TRY IT –
The listing below holds a line with "plus the current" and a later line with "section \<open>Paths and". Write out those two lines and every line between them, exactly, and nothing else.

EXTRACTED DATA –
____________
(* In the two-parallel-path setting with the linear decision rule, suppose $l_v=0$ for all vertices, $m<n$, all initial pheromone levels are positive, $f_s(t)=f_s(0)+\alpha t$ and $b_d(t)=b_d(0)+\alpha t$ with $\alpha>0$ and $f_s(0),b_d(0)>0$, and the initial flows at vertices other than $s,d$ satisfy $f_v(0)\le f_s(0)$, $b_v(0)\le b_d(0)$. Let $T_1=\max_{(u,v)\in E}\log(p_{uv}(0)/(f_s(0)+b_d(0)))/\log(1/\delta)$. Then for every integer $t\ge L+\max(0,T_1)$, $$r_{\min}(t+L)\ \ge\ \left(1+\frac{\alpha(1-\delta)}{6\,(f_s(0)+b_d(0)+2\alpha L+2\alpha t)}\right)r_{\min}(t).$$
   Context: Model (linear decision rule). Directed graph $G=(V,E)$, source $s$, destination $d$, discrete time; pheromone $p_{uv}(t)$, forward flows $f_v(t)$, backward flows $b_v(t)$; leakages $l_v\in[0,1]$; decay $\delta\in(0,1)$; exogenous inputs $f_s(t),b_d(t)$. Edge flows: $f_{uv}(t)=f_u(t)p_{uv}(t)/\sum_{z:(u,z)\in E}p_{uz}(t)$, $b_{uv}(t)=b_v(t)p_{uv}(t)/\sum_{z:(z,v)\in E}p_{zv}(t)$ (at a vertex with a single outgoing, resp. incoming, edge the whole flow goes along it). Updates: $f_v(t+1)=(1-l_v)\sum_{z:(z,v)\in E}f_{zv}(t)$ for $v\neq s$, $b_u(t+1)=(1-l_u)\sum_{z:(u,z)\in E}b_{uz}(t)$ for $u\ne d$, $p_{uv}(t+1)=\delta(p_{uv}(t)+f_{uv}(t)+b_{uv}(t))$. Two parallel paths: $G$ is the union of directed paths $P_1,P_2$ from $s$ to $d$ sharing only $s,d$; $s_1,s_2$ are the successors of $s$ and $d_1,d_2$ the predecessors of $d$ on $P_1,P_2$; $m=\mathrm{len}(P_1)$, $n=\mathrm{len}(P_2)$ (numbers of edges), $L=\max(m,n)$. Potential: $r_{ss_1}(t)=p_{ss_1}(t)/p_{ss_2}(t)$, $r_{d_1d}(t)=p_{d_1d}(t)/p_{d_2d}(t)$, and for $t\ge L$, $r_{\min}(t)=\min\{r_{ss_1}(t-i),\,r_{d_1d}(t-i):0\le i\le L-1\}$. *)

theory Defs
  imports Complex_Main
begin

text \<open>General ant-colony (linear decision rule) dynamics on a directed graph with edge set E.
  f t v : forward flow at vertex v at time t; b t v : backward flow; p t u v : pheromone on edge (u,v).\<close>

definition out_sum :: "('v \<times> 'v) set \<Rightarrow> ('v \<Rightarrow> 'v \<Rightarrow> real) \<Rightarrow> 'v \<Rightarrow> real" where
  "out_sum E q u = (\<Sum>z\<in>{z. (u, z) \<in> E}. q u z)"

definition in_sum :: "('v \<times> 'v) set \<Rightarrow> ('v \<Rightarrow> 'v \<Rightarrow> real) \<Rightarrow> 'v \<Rightarrow> real" where
  "in_sum E q v = (\<Sum>z\<in>{z. (z, v) \<in> E}. q z v)"

definition fwd_edge :: "('v \<times> 'v) set \<Rightarrow> (nat \<Rightarrow> 'v \<Rightarrow> real) \<Rightarrow> (nat \<Rightarrow> 'v \<Rightarrow> 'v \<Rightarrow> real)
    \<Rightarrow> nat \<Rightarrow> 'v \<Rightarrow> 'v \<Rightarrow> real" where
  "fwd_edge E f p t u v = f t u * p t u v / out_sum E (p t) u"

definition bwd_edge :: "('v \<times> 'v) set \<Rightarrow> (nat \<Rightarrow> 'v \<Rightarrow> real) \<Rightarrow> (nat \<Rightarrow> 'v \<Rightarrow> 'v \<Rightarrow> real)
    \<Rightarrow> nat \<Rightarrow> 'v \<Rightarrow> 'v \<Rightarrow> real" where
  "bwd_edge E b p t u v = b t v * p t u v / in_sum E (p t) v"

text \<open>The update rules (the exogenous inputs f t s and b t d are left unconstrained here).\<close>
definition ant_dynamics :: "('v \<times> 'v) set \<Rightarrow> 'v \<Rightarrow> 'v \<Rightarrow> ('v \<Rightarrow> real) \<Rightarrow> real
    \<Rightarrow> (nat \<Rightarrow> 'v \<Rightarrow> real) \<Rightarrow> (nat \<Rightarrow> 'v \<Rightarrow> real) \<Rightarrow> (nat \<Rightarrow> 'v \<Rightarrow> 'v \<Rightarrow> real) \<Rightarrow> bool" where
  "ant_dynamics E s d l \<delta> f b p \<longleftrightarrow>
    (\<forall>t.
      (\<forall>v. v \<noteq> s \<longrightarrow> f (Suc t) v = (1 - l v) * (\<Sum>z\<in>{z. (z, v) \<in> E}. fwd_edge E f p t z v)) \<and>
      (\<forall>u. u \<noteq> d \<longrightarrow> b (Suc t) u = (1 - l u) * (\<Sum>z\<in>{z. (u, z) \<in> E}. bwd_edge E b p t u z)) \<and>
      (\<forall>u v. (u, v) \<in> E \<longrightarrow>
         p (Suc t) u v = \<delta> * (p t u v + fwd_edge E f p t u v + bwd_edge E b p t u v)))"

definition path_edges :: "'v list \<Rightarrow> ('v \<times> 'v) set" where
  "path_edges P = set (zip P (tl P))"

definition two_parallel_paths :: "('v \<times> 'v) set \<Rightarrow> 'v \<Rightarrow> 'v \<Rightarrow> 'v list \<Rightarrow> 'v list \<Rightarrow> bool" where
  "two_parallel_paths E s d P1 P2 \<longleftrightarrow>
     distinct P1 \<and> distinct P2 \<and> length P1 \<ge> 2 \<and> length P2 \<ge> 2 \<and>
     hd P1 = s \<and> last P1 = d \<and> hd P2 = s \<and> last P2 = d \<and>
     set P1 \<inter> set P2 = {s, d} \<and>
     E = path_edges P1 \<union> path_edges P2"

definition plen :: "'v list \<Rightarrow> nat" where "plen P = length P - 1"
definition succ_s :: "'v list \<Rightarrow> 'v" where "succ_s P = P ! 1"
definition pred_d :: "'v list \<Rightarrow> 'v" where "pred_d P = P ! (length P - 2)"

definition r_min :: "(nat \<Rightarrow> 'v \<Rightarrow> 'v \<Rightarrow> real) \<Rightarrow> 'v \<Rightarrow> 'v \<Rightarrow> 'v list \<Rightarrow> 'v list \<Rightarrow> nat \<Rightarrow> real" where
  "r_min p s d P1 P2 t =
     (let L = max (plen P1) (plen P2) in
      Min ((\<lambda>i. p (t - i) s (succ_s P1) / p (t - i) s (succ_s P2)) ` {..<L} \<union>
           (\<lambda>i. p (t - i) (pred_d P1) d / p (t - i) (pred_d P2) d) ` {..<L}))"

end

(*
  At the source, the pheromone on the first edge of a path gains the proportional share of the
  forward input plus the backward flow that entered the path at the sink plen - 1 steps earlier;
  symmetrically at the sink. Since the inputs grow by alpha per step, the backward flow reaching s
  along the shorter path left d at least one step later than the one along the longer path, and
  so carries at least alpha more. Hence, if every ratio in the window defining r_min(t) is at
  least rho, the next ratios are at least rho (1 + alpha / W), where W is the pheromone at s (or d)
  plus the current inputs. Once the initial pheromone has decayed below f_s(0) + b_d(0), a
  geometric-series estimate bounds W by a multiple of the inputs divided by 1 - delta, and a
  strong induction over the next L steps gives the improved lower bound for r_min(t + L).
*)

theory Submission
  imports Defs
begin

section \<open>Paths and their reversal\<close>

lemma path_edges_iff:
  "(a, b) \<in> path_edges P \<longleftrightarrow> (\<exists>i. Suc i < length P \<and> a = P!i \<and> b = P!Suc i)"
  unfolding path_edges_def set_zip by (force simp: nth_tl)

lemma path_edges_rev: "path_edges (rev P) = (path_edges P)\<inverse>"
proof (rule set_eqI, clarify)
  fix a b
  have "(\<exists>i. Suc i < length P \<and> a = rev P!i \<and> b = rev P!Suc i) \<longleftrightarrow>
        (\<exists>j. Suc j < length P \<and> b = P!j \<and> a = P!Suc j)"
  proof
    assume "\<exists>i. Suc i < length P \<and> a = rev P!i \<and> b = rev P!Suc i"
    then obtain i where "Suc i < length P" "a = rev P!i" "b = rev P!Suc i" by blast
    then show "\<exists>j. Suc j < length P \<and> b = P!j \<and> a = P!Suc j"
      by (intro exI[of _ "length P - Suc (Suc i)"]) (auto simp: rev_nth Suc_diff_Suc)
  next
    assume "\<exists>j. Suc j < length P \<and> b = P!j \<and> a = P!Suc j"
    then obtain j where "Suc j < length P" "b = P!j" "a = P!Suc j" by blast
    then show "\<exists>i. Suc i < length P \<and> a = rev P!i \<and> b = rev P!Suc i"
      by (intro exI[of _ "length P - Suc (Suc j)"]) (auto simp: rev_nth Suc_diff_Suc)
  qed
  then show "((a, b) \<in> path_edges (rev P)) = ((a, b) \<in> (path_edges P)\<inverse>)"
    by (simp add: path_edges_iff)
qed

lemma path_edges_subset: "path_edges P \<subseteq> set P \<times> set P"
  by (auto simp: path_edges_iff)

lemma in_path_edges_nth_iff:
  assumes "distinct P" "Suc i < length P"
  shows "(u, P!Suc i) \<in> path_edges P \<longleftrightarrow> u = P!i"
  using assms by (auto simp: path_edges_iff nth_eq_iff_index_eq)

lemma out_path_edges_nth_iff:
  assumes "distinct P" "Suc i < length P"
  shows "(P!i, v) \<in> path_edges P \<longleftrightarrow> v = P!Suc i"
  using assms by (auto simp: path_edges_iff nth_eq_iff_index_eq)

lemma two_parallel_paths_swap:
  "two_parallel_paths E s d P Q \<Longrightarrow> two_parallel_paths E s d Q P"
  unfolding two_parallel_paths_def by auto

lemma two_parallel_paths_rev:
  "two_parallel_paths E s d P Q \<Longrightarrow> two_parallel_paths (E\<inverse>) d s (rev P) (rev Q)"
  unfolding two_parallel_paths_def by (auto simp: hd_rev last_rev path_edges_rev)

lemma succ_s_rev: "length P \<ge> 2 \<Longrightarrow> succ_s (rev P) = pred_d P"
  by (simp add: succ_s_def pred_d_def rev_nth numeral_2_eq_2)

lemma pred_d_rev: "length P \<ge> 2 \<Longrightarrow> pred_d (rev P) = succ_s P"
  by (simp add: succ_s_def pred_d_def rev_nth numeral_2_eq_2 Suc_diff_Suc)

lemma plen_rev [simp]: "plen (rev P) = plen P"
  by (simp add: plen_def)

locale parallel_paths =
  fixes E :: "('v \<times> 'v) set" and s d :: 'v and P Q :: "'v list"
  assumes paths: "two_parallel_paths E s d P Q"
begin

lemma distinct_path: "distinct P"
  and length_path: "2 \<le> length P"
  and edges_eq: "E = path_edges P \<union> path_edges Q"
  and paths_inter: "set P \<inter> set Q = {s, d}"
  using paths by (auto simp: two_parallel_paths_def)

lemma nth_first: "P!0 = s"
  and nth_last: "P!(length P - 1) = d"
proof -
  have "P \<noteq> []" using length_path by auto
  then show "P!0 = s" "P!(length P - 1) = d"
    using paths by (simp_all add: two_parallel_paths_def hd_conv_nth last_conv_nth)
qed

lemma plen_pos: "0 < plen P"
  using length_path by (simp add: plen_def)

lemma nth_neq_first:
  assumes "0 < k" "k < length P"
  shows "P!k \<noteq> s"
proof -
  have "P!k = P!0 \<longleftrightarrow> k = 0"
    using assms distinct_path by (intro nth_eq_iff_index_eq) auto
  then show ?thesis using assms nth_first by simp
qed

lemma finite_edges: "finite E"
  by (simp add: edges_eq path_edges_def)

lemma path_edge_ends:
  assumes "(u, v) \<in> path_edges P"
  shows "u \<noteq> d" "v \<noteq> s"
proof -
  obtain i where i: "Suc i < length P" "u = P!i" "v = P!Suc i"
    using assms by (auto simp: path_edges_iff)
  have "P!i \<noteq> P!(length P - 1)" "P!Suc i \<noteq> P!0"
    using i distinct_path by (subst nth_eq_iff_index_eq; auto)+
  then show "u \<noteq> d" "v \<noteq> s" using i nth_first nth_last by simp_all
qed

lemma interior_notin_other:
  assumes "0 < k" "Suc k < length P"
  shows "P!k \<notin> set Q"
proof
  assume "P!k \<in> set Q"
  moreover have "P!k \<in> set P" using assms by simp
  ultimately have "P!k \<in> {s, d}" using paths_inter by blast
  then have "P!k = P!0 \<or> P!k = P!(length P - 1)" using nth_first nth_last by simp
  moreover have "0 < length P" "k < length P" "length P - 1 < length P" using assms by auto
  ultimately show False using assms distinct_path by (auto simp: nth_eq_iff_index_eq)
qed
____________
ANSWER SPACE –
  plus the current inputs. Once the initial pheromone has decayed below f_s(0) + b_d(0), a
  geometric-series estimate bounds W by a multiple of the inputs divided by 1 - delta, and a
  strong induction over the next L steps gives the improved lower bound for r_min(t + L).
*)

theory Submission
  imports Defs
begin

section \<open>Paths and their reversal\<close>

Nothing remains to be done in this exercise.